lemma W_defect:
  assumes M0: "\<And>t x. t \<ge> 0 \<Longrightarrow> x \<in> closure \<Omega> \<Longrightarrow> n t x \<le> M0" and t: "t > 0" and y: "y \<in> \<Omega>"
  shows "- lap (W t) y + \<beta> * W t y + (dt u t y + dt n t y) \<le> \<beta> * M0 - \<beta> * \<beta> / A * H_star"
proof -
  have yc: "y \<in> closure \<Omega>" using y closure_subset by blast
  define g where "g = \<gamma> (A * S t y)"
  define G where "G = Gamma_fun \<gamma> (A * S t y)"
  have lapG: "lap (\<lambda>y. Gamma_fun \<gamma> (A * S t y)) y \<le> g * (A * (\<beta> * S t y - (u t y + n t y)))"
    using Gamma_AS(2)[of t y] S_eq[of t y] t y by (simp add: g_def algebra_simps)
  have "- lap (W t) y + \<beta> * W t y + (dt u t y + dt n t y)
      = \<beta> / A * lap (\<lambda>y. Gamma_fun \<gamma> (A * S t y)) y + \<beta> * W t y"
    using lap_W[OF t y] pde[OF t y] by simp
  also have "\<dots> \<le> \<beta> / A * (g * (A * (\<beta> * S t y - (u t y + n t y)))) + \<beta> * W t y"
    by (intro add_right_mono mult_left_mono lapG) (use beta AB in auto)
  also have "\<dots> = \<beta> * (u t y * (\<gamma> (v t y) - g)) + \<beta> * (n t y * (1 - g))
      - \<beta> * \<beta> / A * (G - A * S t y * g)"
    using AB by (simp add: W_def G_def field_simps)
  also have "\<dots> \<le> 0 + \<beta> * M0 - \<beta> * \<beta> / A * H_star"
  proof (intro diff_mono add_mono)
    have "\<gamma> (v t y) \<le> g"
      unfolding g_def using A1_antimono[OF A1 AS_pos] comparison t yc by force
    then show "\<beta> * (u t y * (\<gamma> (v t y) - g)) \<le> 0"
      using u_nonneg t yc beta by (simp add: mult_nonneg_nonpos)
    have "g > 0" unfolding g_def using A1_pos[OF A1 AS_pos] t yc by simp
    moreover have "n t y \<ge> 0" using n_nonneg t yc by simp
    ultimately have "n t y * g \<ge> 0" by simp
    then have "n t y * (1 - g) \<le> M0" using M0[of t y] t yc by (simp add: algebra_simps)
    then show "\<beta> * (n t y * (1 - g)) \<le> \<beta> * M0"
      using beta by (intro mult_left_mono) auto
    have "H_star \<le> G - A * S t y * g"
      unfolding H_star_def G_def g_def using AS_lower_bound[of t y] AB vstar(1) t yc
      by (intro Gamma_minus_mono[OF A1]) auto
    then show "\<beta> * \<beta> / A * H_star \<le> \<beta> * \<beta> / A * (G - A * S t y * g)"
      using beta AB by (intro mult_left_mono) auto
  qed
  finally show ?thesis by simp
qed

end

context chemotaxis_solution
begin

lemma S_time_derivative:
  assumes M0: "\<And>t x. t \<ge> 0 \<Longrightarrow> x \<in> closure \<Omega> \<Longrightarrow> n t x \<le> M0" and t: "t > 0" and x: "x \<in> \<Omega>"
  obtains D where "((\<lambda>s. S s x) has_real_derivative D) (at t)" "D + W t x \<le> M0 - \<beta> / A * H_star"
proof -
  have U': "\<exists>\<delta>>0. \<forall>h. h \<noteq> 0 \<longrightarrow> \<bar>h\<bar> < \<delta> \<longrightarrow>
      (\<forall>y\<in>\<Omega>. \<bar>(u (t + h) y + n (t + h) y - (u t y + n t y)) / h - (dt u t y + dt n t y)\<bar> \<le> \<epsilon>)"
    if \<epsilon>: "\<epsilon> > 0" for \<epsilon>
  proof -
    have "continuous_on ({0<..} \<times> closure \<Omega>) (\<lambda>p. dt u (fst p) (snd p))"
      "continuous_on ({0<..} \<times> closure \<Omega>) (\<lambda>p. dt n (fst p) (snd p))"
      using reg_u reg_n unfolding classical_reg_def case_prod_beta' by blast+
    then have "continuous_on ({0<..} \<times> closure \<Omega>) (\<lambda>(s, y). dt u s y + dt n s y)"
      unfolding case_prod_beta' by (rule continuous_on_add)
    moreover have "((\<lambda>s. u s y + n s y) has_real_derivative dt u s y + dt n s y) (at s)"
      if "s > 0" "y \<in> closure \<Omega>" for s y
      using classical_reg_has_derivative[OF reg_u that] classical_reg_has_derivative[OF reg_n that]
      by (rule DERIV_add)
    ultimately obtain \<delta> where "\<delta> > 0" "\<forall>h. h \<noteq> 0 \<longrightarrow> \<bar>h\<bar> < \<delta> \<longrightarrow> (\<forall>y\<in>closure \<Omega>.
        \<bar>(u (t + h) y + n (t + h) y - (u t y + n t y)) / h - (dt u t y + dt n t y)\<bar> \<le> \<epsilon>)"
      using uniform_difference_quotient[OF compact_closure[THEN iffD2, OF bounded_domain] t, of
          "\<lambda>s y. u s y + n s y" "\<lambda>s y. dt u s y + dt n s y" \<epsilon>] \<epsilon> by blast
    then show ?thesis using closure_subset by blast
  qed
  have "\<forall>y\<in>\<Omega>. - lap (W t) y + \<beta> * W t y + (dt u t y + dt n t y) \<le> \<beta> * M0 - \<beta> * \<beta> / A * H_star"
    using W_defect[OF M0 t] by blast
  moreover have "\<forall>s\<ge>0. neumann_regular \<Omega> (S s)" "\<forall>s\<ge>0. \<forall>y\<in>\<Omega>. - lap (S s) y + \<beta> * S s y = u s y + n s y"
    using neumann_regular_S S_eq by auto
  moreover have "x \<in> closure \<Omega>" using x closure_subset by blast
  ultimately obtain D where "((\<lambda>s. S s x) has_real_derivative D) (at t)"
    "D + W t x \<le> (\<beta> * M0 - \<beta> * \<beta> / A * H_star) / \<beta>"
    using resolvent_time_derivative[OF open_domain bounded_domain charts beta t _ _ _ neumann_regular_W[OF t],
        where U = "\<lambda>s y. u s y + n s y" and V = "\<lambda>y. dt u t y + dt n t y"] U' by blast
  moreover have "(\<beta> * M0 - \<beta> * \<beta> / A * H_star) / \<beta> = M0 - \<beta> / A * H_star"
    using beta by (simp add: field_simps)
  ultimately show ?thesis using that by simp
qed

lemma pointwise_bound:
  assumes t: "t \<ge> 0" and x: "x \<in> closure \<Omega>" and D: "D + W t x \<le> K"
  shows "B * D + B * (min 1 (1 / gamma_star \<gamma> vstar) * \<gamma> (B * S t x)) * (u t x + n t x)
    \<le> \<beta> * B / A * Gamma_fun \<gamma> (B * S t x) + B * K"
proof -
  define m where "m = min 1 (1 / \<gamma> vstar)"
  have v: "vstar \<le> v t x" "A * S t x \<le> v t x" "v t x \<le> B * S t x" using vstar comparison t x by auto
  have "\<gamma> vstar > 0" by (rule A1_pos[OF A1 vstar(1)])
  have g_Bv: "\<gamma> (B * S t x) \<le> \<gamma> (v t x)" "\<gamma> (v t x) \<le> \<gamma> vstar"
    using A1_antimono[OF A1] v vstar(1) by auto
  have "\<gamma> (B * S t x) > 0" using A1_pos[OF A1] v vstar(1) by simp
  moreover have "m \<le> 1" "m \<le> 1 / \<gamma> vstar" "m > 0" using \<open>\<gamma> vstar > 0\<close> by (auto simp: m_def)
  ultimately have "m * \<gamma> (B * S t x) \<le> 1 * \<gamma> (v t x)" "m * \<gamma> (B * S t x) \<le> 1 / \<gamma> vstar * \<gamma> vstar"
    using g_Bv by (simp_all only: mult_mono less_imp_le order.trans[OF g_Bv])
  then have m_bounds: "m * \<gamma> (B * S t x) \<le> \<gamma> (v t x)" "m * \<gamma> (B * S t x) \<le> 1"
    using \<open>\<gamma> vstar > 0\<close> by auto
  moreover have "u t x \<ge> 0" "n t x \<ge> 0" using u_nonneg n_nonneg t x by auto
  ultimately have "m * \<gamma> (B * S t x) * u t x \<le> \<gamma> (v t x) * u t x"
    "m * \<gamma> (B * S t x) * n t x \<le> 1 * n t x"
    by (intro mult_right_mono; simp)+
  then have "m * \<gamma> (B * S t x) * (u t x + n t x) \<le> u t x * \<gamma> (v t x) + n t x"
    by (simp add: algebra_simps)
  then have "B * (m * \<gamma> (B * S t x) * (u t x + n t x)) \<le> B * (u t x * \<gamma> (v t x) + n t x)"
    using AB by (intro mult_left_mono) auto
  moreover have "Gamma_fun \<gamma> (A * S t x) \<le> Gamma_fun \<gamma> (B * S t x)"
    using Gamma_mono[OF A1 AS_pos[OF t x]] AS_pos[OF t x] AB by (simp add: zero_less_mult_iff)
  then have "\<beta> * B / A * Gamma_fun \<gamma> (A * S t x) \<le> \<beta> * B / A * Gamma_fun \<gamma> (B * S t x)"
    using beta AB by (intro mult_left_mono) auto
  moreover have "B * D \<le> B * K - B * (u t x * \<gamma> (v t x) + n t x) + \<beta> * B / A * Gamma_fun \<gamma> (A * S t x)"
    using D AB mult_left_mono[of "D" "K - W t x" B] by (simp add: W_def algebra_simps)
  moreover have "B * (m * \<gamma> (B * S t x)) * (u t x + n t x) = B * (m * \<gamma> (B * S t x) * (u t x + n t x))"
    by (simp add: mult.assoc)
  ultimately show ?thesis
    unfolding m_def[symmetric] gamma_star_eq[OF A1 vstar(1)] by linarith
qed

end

__________

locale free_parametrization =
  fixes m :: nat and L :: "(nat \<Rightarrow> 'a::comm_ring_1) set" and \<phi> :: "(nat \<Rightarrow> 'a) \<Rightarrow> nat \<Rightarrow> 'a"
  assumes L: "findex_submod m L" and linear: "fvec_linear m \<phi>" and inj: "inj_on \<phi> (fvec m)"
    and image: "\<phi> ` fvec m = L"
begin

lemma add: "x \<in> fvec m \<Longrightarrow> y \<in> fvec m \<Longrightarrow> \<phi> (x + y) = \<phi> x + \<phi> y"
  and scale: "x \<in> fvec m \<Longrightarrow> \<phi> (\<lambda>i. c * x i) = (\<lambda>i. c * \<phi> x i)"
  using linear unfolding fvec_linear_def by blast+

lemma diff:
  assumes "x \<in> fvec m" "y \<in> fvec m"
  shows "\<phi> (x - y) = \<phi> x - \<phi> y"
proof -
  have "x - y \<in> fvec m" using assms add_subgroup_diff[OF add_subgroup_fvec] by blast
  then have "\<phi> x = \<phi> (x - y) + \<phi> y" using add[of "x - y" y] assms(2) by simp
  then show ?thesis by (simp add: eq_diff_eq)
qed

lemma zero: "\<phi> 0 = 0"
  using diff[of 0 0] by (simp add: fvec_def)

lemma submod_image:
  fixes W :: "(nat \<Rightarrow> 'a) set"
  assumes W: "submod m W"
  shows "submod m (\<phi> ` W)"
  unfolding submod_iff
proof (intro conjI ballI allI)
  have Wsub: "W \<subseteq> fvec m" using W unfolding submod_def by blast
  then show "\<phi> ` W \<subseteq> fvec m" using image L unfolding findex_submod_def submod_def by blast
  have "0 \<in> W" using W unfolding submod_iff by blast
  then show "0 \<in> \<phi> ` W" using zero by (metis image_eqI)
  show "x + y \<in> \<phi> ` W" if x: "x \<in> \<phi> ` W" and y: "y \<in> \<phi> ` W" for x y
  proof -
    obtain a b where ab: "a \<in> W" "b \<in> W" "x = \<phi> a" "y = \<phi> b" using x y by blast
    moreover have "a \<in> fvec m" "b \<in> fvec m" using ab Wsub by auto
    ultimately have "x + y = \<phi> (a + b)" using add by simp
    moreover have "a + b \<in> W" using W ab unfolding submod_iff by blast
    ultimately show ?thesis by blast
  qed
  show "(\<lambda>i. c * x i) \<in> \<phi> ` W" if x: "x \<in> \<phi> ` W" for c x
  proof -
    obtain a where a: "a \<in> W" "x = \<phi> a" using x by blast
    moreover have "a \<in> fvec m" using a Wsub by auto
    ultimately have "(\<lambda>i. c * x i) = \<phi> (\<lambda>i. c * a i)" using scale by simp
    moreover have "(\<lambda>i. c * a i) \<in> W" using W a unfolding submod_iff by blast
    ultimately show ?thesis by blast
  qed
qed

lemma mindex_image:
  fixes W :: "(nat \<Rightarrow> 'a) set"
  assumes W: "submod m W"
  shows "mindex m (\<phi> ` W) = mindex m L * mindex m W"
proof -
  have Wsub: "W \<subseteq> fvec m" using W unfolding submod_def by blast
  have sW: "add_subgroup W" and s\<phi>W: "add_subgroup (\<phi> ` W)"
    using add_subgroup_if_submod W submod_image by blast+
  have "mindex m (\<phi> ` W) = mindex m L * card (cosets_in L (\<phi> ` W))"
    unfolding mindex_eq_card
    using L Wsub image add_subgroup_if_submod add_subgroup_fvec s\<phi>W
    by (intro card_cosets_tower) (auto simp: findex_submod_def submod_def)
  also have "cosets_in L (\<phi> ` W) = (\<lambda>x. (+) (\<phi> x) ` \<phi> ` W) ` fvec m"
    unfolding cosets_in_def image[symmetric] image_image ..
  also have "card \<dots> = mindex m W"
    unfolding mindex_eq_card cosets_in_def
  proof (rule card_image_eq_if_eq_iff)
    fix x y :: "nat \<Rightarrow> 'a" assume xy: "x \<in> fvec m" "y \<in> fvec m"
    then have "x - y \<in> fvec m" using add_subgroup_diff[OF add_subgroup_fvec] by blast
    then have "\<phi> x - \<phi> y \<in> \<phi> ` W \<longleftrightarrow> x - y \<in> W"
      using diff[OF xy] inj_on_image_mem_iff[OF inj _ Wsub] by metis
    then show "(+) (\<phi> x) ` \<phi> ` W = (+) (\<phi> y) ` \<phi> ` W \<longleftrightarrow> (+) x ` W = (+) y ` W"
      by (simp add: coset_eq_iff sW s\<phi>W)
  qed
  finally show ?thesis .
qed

__________

Your answer must consist solely of the lines above between the line holding "unfolding g_def using A1_antimono[OF" and the line holding "yc by (simp add: algebra_simps)", inclusive, copied exactly.

▶ SOLUTION BELOW
      unfolding g_def using A1_antimono[OF A1 AS_pos] comparison t yc by force
    then show "\<beta> * (u t y * (\<gamma> (v t y) - g)) \<le> 0"
      using u_nonneg t yc beta by (simp add: mult_nonneg_nonpos)
    have "g > 0" unfolding g_def using A1_pos[OF A1 AS_pos] t yc by simp
    moreover have "n t y \<ge> 0" using n_nonneg t yc by simp
    ultimately have "n t y * g \<ge> 0" by simp
    then have "n t y * (1 - g) \<le> M0" using M0[of t y] t yc by (simp add: algebra_simps)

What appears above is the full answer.